**What is needed:** Only part of the listing is needed, namely the lines from its start through the line with "its inverse over", and they should be retyped exactly.

**Data to use:**
text \<open>Rickart's elementary argument: were \<open>1 - \<zeta> b\<close> invertible on the closed unit disc, averaging
  its inverse over the \<open>N\<close>-th roots of unity at radii \<open>1\<close> and \<open>s\<close> would put \<open>(1 - b^N)\<inverse>\<close> within
  \<open>1/2\<close> of \<open>1\<close>, forcing \<open>\<parallel>b^N\<parallel> < 1\<close>, whereas \<open>\<parallel>b^N\<parallel> = \<parallel>b\<parallel>^N = 1\<close> for \<open>N = 2^m\<close>.\<close>

lemma ex_not_invertible_one_minus_cscale:
  assumes sa: "self_adjoint b" and norm_b: "norm b = 1"
  shows "\<exists>\<zeta>. cmod \<zeta> \<le> 1 \<and> \<not> invertible_el (1 - cscale \<zeta> b)"
proof (rule ccontr)
  assume "\<not> ?thesis"
  then have inv: "invertible_el (1 - cscale \<zeta> b)" if "cmod \<zeta> \<le> 1" for \<zeta>
    using that by blast
  obtain s where s: "0 < s" "s < 1" and close: "\<And>\<omega>. cmod \<omega> = 1 \<Longrightarrow>
      norm (inv_el (1 - cscale \<omega> b) - inv_el (1 - cscale (\<omega> * complex_of_real s) b)) \<le> 1 / 4"
    using inv_el_one_minus_cscale_radially_close[OF inv] by blast
  obtain m where "s ^ m < 1 / 8" using real_arch_pow_inv[of "1 / 8" s] s by auto
  moreover have "s ^ 2 ^ m \<le> s ^ m"
    using s by (intro power_decreasing) (simp_all add: less_exp less_imp_le)
  ultimately have s_pow: "s ^ 2 ^ m \<le> 1 / 8" by simp
  define N where "N = (2::nat) ^ m"
  define c where "c = cscale (complex_of_real (s ^ N)) (b ^ N)"
  have norm_c: "norm c = s ^ N"
    using s norm_power_two_power_self_adjoint[OF sa, of m] norm_b
    by (simp add: c_def norm_cscale norm_power N_def)
  have avg: "invertible_el (1 - cscale (\<zeta> ^ N) (b ^ N)) \<and>
      root_average_inv m (cscale \<zeta> b) = inv_el (1 - cscale (\<zeta> ^ N) (b ^ N))"
    if "cmod \<zeta> \<le> 1" for \<zeta>
    using root_average_inv_cscale_eq[OF inv that] by (simp add: N_def)
  have "norm (root_average_inv m b - root_average_inv m (cscale (complex_of_real s) b)) \<le> 1 / 4"
  proof (rule norm_root_average_inv_diff_le)
    fix \<omega> :: complex assume "\<omega> ^ 2 ^ m = 1"
    then have "cmod \<omega> = 1" using power_eq_1_iff by fastforce
    then show "norm (inv_el (1 - cscale \<omega> b) - inv_el (1 - cscale \<omega> (cscale (complex_of_real s) b)))
        \<le> 1 / 4"
      unfolding cscale_cscale by (rule close)
  qed
  then have "norm (inv_el (1 - b ^ N) - inv_el (1 - c)) \<le> 1 / 4"
    using avg[of 1] avg[of "complex_of_real s"] s by (simp add: c_def norm_power)
  moreover have "norm (inv_el (1 - c) - 1) \<le> 1 / 7"
  proof -
    have "norm (inv_el (1 - c) - 1) \<le> s ^ N / (1 - s ^ N)"
      using norm_inv_el_one_minus_diff_le[of c] norm_c s_pow by (simp add: N_def)
    also have "\<dots> \<le> (1 / 8) / (1 - 1 / 8)"
      using s_pow s by (intro frac_le) (simp_all add: N_def)
    finally show ?thesis by simp
  qed
  ultimately have "norm (inv_el (1 - b ^ N) - 1) < 1 / 2"
    using norm_triangle_ineq[of "inv_el (1 - b ^ N) - inv_el (1 - c)" "inv_el (1 - c) - 1"] by simp
  then have "norm (b ^ N) < 1"
    using avg[of 1] by (intro norm_less_one_if_inv_el_near_one) simp_all
  then show False using norm_power_two_power_self_adjoint[OF sa, of m] norm_b by (simp add: N_def)
qed

definition real_spectrum :: "'a::cstar_algebra \<Rightarrow> real set" where
  "real_spectrum x = {t. complex_of_real t \<in> cspectrum x}"

lemma abs_le_norm_if_real_spectrum: "t \<in> real_spectrum x \<Longrightarrow> \<bar>t\<bar> \<le> norm x"
  using cspectrum_norm_le[of "complex_of_real t" x] by (simp add: real_spectrum_def)

lemma real_spectrum_subset: "real_spectrum x \<subseteq> {- norm x..norm x}"
  using abs_le_norm_if_real_spectrum by (fastforce simp: abs_le_iff)

lemma real_spectrum_norm_attained:
  assumes sa: "self_adjoint x"
  shows "\<exists>t\<in>real_spectrum x. norm x \<le> \<bar>t\<bar>"
proof (cases "x = 0")
  case True
  then show ?thesis by (intro bexI[of _ 0]) (simp_all add: real_spectrum_def cspectrum_def not_invertible_el_zero)
next
  case False
  define r where "r = norm x"
  have r: "r > 0" using False by (simp add: r_def)
  define b where "b = (1 / r) *\<^sub>R x"
  have "self_adjoint b" using sa by (simp add: b_def self_adjoint_def cstar_scaleR)
  moreover have "norm b = 1" using r by (simp add: b_def r_def)
  ultimately obtain \<zeta> where \<zeta>: "cmod \<zeta> \<le> 1" "\<not> invertible_el (1 - cscale \<zeta> b)"
    using ex_not_invertible_one_minus_cscale by blast
  then have \<zeta>0: "\<zeta> \<noteq> 0" by auto
  define l where "l = 1 / \<zeta>"
  have "1 - cscale \<zeta> b = cscale (- \<zeta>) (b - cscale l 1)"
    using \<zeta>0 by (simp add: l_def cscale_diff_right cscale_cscale cscale_minus_left)
  then have b_l: "\<not> invertible_el (b - cscale l 1)"
    using \<zeta> \<zeta>0 by (simp add: invertible_el_cscale_iff)
  then have "Im l = 0"
    using cspectrum_self_adjoint_real[OF \<open>self_adjoint b\<close>] by (simp add: cspectrum_def)
  then have l: "l = complex_of_real (Re l)" by (simp add: complex_eq_iff)
  have "x - cscale (complex_of_real (r * Re l)) 1 = cscale (complex_of_real r) (b - cscale l 1)"
    using r by (subst l) (simp add: b_def cscale_diff_right cscale_cscale scaleR_conv_cscale)
  then have "r * Re l \<in> real_spectrum x"
    using b_l r by (simp add: real_spectrum_def cspectrum_def invertible_el_cscale_iff)
  moreover have "1 \<le> cmod l" using \<zeta> \<zeta>0 by (simp add: l_def norm_divide le_divide_eq_1)
  then have "1 \<le> \<bar>Re l\<bar>" by (subst (asm) l) simp
  ultimately show ?thesis using r by (intro bexI[of _ "r * Re l"]) (simp_all add: r_def abs_mult)
qed


section \<open>Polynomials in an element\<close>

definition ceval :: "complex poly \<Rightarrow> 'a::cstar_algebra \<Rightarrow> 'a" where
  "ceval q x = (\<Sum>i\<le>degree q. cscale (coeff q i) (x ^ i))"

lemma ceval_eq_sum_atMost:
  "degree q \<le> n \<Longrightarrow> ceval q x = (\<Sum>i\<le>n. cscale (coeff q i) (x ^ i))"
  unfolding ceval_def by (rule sum.mono_neutral_left) (auto simp: coeff_eq_0)

lemma ceval_0 [simp]: "ceval 0 x = 0"
  by (simp add: ceval_def)

lemma ceval_pCons: "ceval (pCons a q) x = cscale a 1 + x * ceval q x"
proof -
  have "ceval (pCons a q) x = (\<Sum>i\<le>Suc (degree q). cscale (coeff (pCons a q) i) (x ^ i))"
    by (rule ceval_eq_sum_atMost) (rule degree_pCons_le)
  also have "\<dots> = cscale a 1 + (\<Sum>i\<le>degree q. cscale (coeff q i) (x * x ^ i))"
    by (subst sum.atMost_Suc_shift) simp
  also have "\<dots> = cscale a 1 + x * ceval q x"
    by (simp add: ceval_def sum_distrib_left cscale_mult_right)
  finally show ?thesis .
qed

lemma ceval_add: "ceval (p + q) x = ceval p x + ceval q x"
proof -
  define n where "n = max (degree p) (degree q)"
  have "ceval (p + q) x = (\<Sum>i\<le>n. cscale (coeff (p + q) i) (x ^ i))"
    by (rule ceval_eq_sum_atMost) (simp add: n_def degree_add_le)
  also have "\<dots> = ceval p x + ceval q x"
    by (simp add: cscale_add_left sum.distrib ceval_eq_sum_atMost[of _ n] n_def)
  finally show ?thesis .
qed

lemma ceval_smult: "ceval (smult c p) x = cscale c (ceval p x)"
  by (simp add: ceval_eq_sum_atMost[OF degree_smult_le] ceval_def cscale_sum_right cscale_cscale)

lemma ceval_mult: "ceval (p * q) x = ceval p x * ceval q x"
proof (induction p)
  case (pCons a p)
  have "ceval (pCons a p * q) x = cscale a (ceval q x) + x * (ceval p x * ceval q x)"
    by (simp add: ceval_add ceval_smult ceval_pCons pCons.IH)
  also have "\<dots> = ceval (pCons a p) x * ceval q x"
    by (simp add: ceval_pCons distrib_right cscale_one_mult mult.assoc)
  finally show ?case .
qed simp

lemma invertible_el_ceval:
  assumes "q \<noteq> 0" and "\<And>c. poly q c = 0 \<Longrightarrow> c \<notin> cspectrum x"
  shows "invertible_el (ceval q x)"
  using assms
proof (induction "degree q" arbitrary: q rule: less_induct)
  case less
  show ?case
  proof (cases "degree q = 0")
    case True
    then obtain c where "q = [:c:]" by (metis degree_eq_zeroE)
    then show ?thesis
      using less.prems by (simp add: ceval_pCons invertible_el_cscale_one)
  next
    case False
    then obtain c where "poly q c = 0"
      using fundamental_theorem_of_algebra[of q] by (auto simp: constant_degree)
    then obtain r where q: "q = [:- c, 1:] * r" by (metis poly_eq_0_iff_dvd dvdE)
    with less.prems have "r \<noteq> 0" by auto
    then have "degree q = 1 + degree r" unfolding q by (subst degree_mult_eq) simp_all
    then have "degree r < degree q" by simp
    moreover have "poly r c' = 0 \<Longrightarrow> c' \<notin> cspectrum x" for c'
      using less.prems(2)[of c'] by (simp add: q)
    ultimately have "invertible_el (ceval r x)" using less.hyps \<open>r \<noteq> 0\<close> by blast
    moreover have "invertible_el (x - cscale c 1)"
      using less.prems(2) \<open>poly q c = 0\<close> by (simp add: cspectrum_def)
    moreover have "ceval q x = (x - cscale c 1) * ceval r x"
      unfolding q ceval_mult by (simp add: ceval_pCons cscale_minus_left)
    ultimately show ?thesis by (simp add: invertible_el_mult)
  qed
qed

lemma alg_poly_eq_sum_atMost:
  "degree p \<le> n \<Longrightarrow> alg_poly p x = (\<Sum>i\<le>n. coeff p i *\<^sub>R x ^ i)"
  unfolding alg_poly_def by (rule sum.mono_neutral_left) (auto simp: coeff_eq_0)

lemma alg_poly_0 [simp]: "alg_poly 0 x = 0"
  by (simp add: alg_poly_def)

lemma alg_poly_pCons: "alg_poly (pCons a p) x = a *\<^sub>R 1 + x * alg_poly p x"
proof -
  have "alg_poly (pCons a p) x = (\<Sum>i\<le>Suc (degree p). coeff (pCons a p) i *\<^sub>R x ^ i)"
    by (rule alg_poly_eq_sum_atMost) (rule degree_pCons_le)
  also have "\<dots> = a *\<^sub>R 1 + (\<Sum>i\<le>degree p. coeff p i *\<^sub>R (x * x ^ i))"
    by (subst sum.atMost_Suc_shift) simp
  also have "\<dots> = a *\<^sub>R 1 + x * alg_poly p x"
    by (simp add: alg_poly_def sum_distrib_left)
  finally show ?thesis .
qed

lemma alg_poly_const: "alg_poly [:c:] x = c *\<^sub>R 1"
  using alg_poly_pCons[of c 0 x] by simp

**Result:**
text \<open>Rickart's elementary argument: were \<open>1 - \<zeta> b\<close> invertible on the closed unit disc, averaging
  its inverse over the \<open>N\<close>-th roots of unity at radii \<open>1\<close> and \<open>s\<close> would put \<open>(1 - b^N)\<inverse>\<close> within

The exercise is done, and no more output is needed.